■ **What to do**
Tally every line of the listing where the string "open" is found, and state the total alone.
(Records for the task)
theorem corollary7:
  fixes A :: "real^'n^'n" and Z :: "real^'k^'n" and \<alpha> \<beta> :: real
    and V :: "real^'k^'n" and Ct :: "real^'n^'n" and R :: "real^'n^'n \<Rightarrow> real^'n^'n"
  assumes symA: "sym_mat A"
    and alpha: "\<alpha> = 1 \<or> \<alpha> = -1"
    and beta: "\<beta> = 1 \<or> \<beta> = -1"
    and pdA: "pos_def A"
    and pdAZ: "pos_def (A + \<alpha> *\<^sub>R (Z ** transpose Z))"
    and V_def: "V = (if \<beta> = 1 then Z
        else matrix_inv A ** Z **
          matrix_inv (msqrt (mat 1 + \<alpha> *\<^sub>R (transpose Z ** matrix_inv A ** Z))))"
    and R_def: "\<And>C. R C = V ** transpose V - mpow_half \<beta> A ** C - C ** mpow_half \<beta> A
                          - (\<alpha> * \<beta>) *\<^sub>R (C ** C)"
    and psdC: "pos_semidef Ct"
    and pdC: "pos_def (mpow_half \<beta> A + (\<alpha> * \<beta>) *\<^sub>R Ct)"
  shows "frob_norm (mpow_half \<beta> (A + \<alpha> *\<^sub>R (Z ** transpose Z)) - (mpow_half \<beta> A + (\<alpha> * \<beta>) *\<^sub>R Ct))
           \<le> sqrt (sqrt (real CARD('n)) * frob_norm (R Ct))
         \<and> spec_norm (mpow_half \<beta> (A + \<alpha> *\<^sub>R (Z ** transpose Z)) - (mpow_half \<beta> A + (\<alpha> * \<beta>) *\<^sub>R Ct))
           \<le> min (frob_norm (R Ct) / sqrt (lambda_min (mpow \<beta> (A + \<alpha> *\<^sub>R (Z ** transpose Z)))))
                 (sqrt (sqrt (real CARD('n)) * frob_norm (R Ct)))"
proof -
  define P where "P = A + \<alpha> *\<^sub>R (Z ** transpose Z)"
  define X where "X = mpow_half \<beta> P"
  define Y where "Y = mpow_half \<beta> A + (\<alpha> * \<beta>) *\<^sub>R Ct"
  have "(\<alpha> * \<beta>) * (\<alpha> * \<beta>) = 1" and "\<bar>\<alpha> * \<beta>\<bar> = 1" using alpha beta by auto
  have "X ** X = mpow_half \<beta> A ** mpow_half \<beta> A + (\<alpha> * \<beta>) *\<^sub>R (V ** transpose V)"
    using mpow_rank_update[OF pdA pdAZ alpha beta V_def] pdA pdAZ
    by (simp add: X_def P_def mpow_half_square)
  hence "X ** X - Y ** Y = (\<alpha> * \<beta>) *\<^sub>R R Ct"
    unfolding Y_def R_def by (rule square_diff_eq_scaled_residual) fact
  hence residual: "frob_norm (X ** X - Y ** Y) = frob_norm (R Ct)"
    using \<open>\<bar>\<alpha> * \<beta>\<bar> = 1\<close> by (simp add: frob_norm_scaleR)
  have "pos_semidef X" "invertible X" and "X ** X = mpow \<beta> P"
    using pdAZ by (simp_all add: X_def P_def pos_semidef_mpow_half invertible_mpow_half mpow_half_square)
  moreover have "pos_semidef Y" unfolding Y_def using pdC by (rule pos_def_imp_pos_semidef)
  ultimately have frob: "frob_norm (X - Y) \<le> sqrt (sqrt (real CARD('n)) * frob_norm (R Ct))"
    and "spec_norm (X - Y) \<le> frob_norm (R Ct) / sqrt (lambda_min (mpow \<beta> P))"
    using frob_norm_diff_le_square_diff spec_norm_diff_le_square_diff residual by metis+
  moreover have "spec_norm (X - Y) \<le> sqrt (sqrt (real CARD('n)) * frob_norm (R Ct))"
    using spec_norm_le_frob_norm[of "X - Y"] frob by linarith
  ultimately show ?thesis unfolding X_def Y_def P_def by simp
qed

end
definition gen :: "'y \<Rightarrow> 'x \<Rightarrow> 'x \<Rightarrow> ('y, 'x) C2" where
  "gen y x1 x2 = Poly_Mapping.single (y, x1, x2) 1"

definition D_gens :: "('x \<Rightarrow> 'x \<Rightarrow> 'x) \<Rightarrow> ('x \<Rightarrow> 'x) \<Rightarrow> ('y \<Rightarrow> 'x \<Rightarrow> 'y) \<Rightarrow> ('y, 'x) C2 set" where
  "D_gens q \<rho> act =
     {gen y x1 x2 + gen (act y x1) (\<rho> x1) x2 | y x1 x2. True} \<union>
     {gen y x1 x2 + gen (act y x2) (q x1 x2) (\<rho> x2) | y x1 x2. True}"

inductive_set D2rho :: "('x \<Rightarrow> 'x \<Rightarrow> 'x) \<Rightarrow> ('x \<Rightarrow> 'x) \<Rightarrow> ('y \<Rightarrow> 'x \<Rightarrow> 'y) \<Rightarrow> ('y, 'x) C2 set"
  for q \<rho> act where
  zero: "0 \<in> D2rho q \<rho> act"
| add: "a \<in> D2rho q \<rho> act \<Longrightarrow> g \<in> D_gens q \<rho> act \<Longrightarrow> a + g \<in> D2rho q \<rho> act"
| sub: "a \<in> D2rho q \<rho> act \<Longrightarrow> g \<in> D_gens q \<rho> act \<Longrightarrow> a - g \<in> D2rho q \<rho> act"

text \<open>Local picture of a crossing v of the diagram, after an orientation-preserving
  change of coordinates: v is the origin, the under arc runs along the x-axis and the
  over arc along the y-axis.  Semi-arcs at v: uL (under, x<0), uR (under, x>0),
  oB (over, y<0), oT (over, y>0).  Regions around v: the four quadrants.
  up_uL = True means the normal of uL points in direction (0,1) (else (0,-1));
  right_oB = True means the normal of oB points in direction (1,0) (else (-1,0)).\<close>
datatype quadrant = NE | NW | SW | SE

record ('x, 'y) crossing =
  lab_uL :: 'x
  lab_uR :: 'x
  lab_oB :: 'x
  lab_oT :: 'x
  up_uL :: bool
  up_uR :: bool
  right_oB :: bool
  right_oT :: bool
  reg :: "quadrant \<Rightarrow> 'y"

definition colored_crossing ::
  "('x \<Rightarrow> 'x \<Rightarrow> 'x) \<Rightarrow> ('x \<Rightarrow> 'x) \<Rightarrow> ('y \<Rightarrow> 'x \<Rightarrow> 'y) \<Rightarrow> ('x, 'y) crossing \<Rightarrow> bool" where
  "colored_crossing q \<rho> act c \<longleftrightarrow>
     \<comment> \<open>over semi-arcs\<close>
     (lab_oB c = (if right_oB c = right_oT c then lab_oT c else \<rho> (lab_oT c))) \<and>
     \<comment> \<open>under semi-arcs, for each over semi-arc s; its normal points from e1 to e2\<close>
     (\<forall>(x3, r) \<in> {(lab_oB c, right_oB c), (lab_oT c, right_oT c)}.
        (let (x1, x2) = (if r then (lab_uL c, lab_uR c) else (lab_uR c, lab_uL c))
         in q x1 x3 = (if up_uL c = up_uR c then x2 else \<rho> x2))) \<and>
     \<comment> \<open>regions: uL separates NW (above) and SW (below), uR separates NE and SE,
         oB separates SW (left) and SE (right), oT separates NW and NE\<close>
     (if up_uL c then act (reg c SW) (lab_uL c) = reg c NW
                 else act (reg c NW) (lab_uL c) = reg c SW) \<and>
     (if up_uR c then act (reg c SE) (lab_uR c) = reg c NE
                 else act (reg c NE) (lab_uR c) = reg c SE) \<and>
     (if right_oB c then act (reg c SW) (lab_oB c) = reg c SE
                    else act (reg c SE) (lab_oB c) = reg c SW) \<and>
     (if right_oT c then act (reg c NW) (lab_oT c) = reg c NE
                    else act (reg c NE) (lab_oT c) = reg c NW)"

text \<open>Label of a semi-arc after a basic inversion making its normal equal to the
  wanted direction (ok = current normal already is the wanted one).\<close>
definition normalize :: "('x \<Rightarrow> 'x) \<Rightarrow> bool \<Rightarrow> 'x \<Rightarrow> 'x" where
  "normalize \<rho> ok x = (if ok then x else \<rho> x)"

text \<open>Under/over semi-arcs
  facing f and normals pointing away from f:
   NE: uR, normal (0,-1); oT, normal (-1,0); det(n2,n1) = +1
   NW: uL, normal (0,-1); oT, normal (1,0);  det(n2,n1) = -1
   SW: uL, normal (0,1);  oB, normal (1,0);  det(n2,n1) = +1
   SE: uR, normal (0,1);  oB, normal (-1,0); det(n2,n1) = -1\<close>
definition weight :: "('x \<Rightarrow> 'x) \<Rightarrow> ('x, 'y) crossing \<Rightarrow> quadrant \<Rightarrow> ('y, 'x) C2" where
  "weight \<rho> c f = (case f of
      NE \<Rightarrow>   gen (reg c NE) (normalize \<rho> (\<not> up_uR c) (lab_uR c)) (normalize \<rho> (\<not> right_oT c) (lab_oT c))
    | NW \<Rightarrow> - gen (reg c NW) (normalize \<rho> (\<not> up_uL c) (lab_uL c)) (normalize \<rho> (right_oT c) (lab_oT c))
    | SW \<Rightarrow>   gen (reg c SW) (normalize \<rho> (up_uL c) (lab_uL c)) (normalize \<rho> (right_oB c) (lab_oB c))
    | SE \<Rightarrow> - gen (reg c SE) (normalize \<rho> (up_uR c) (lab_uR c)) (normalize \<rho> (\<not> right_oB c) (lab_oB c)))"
(End Records for the task)
■ **Task result**
7